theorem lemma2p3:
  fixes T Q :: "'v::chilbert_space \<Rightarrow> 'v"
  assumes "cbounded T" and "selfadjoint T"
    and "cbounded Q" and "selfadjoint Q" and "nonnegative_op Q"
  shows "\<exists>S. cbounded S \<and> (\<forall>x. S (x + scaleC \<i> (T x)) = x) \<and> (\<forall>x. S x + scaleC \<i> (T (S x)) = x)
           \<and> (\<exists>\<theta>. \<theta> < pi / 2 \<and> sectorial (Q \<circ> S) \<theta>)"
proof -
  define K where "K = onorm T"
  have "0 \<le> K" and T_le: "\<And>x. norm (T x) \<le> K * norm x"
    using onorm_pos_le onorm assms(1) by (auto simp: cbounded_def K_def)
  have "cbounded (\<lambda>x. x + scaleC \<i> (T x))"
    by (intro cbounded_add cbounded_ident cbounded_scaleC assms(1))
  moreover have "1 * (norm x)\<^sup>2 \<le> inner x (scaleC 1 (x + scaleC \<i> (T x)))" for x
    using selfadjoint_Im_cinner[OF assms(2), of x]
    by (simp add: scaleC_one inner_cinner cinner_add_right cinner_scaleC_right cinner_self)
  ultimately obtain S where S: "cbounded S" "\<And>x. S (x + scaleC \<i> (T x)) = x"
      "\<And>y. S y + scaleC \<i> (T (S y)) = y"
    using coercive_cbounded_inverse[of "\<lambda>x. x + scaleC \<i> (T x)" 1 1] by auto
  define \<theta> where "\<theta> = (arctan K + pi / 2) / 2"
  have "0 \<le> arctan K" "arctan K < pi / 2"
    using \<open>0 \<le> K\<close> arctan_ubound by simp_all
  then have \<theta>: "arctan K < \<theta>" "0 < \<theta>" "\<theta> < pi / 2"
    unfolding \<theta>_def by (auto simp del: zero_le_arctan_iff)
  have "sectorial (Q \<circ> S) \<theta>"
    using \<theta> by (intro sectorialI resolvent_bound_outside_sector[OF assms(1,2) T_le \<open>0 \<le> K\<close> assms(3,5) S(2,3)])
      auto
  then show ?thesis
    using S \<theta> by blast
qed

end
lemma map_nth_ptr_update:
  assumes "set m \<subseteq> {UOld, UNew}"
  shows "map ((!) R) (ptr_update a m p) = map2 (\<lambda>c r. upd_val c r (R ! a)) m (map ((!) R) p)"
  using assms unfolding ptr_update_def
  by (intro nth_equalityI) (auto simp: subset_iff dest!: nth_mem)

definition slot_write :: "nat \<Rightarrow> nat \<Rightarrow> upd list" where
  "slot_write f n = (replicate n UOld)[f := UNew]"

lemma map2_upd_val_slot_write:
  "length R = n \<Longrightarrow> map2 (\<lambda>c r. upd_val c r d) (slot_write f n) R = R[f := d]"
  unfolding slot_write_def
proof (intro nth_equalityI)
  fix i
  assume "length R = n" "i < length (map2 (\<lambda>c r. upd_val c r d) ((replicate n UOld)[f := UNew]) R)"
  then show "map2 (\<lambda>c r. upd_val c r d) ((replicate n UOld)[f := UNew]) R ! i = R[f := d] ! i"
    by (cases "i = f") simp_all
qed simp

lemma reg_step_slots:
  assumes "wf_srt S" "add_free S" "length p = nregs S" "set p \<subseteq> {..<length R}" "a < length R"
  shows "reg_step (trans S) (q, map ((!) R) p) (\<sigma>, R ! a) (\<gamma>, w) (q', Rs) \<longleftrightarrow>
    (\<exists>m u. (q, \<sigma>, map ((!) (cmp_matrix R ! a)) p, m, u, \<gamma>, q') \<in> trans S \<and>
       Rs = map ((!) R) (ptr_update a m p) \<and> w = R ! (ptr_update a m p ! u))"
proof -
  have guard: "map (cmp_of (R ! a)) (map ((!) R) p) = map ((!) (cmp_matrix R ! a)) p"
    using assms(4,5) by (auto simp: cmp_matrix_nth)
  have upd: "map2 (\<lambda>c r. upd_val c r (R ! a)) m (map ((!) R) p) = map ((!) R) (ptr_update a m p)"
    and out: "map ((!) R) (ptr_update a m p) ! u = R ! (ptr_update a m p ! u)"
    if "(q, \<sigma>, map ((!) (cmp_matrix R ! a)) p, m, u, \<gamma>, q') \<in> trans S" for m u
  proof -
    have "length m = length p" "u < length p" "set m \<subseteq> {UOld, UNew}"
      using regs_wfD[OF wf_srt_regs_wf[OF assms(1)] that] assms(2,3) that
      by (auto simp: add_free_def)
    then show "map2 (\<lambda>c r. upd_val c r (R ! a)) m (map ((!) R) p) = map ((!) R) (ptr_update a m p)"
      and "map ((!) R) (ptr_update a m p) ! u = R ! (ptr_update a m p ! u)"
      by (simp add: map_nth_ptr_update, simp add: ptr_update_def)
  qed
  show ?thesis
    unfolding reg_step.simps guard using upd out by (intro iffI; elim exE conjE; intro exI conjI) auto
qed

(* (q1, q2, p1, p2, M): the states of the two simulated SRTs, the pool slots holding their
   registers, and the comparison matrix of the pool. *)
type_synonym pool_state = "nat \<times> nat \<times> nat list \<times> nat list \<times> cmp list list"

·····

### [Directions]
Reply with nothing but a number. State how many lines in the records hold the word "then".

### [Output for this task]
4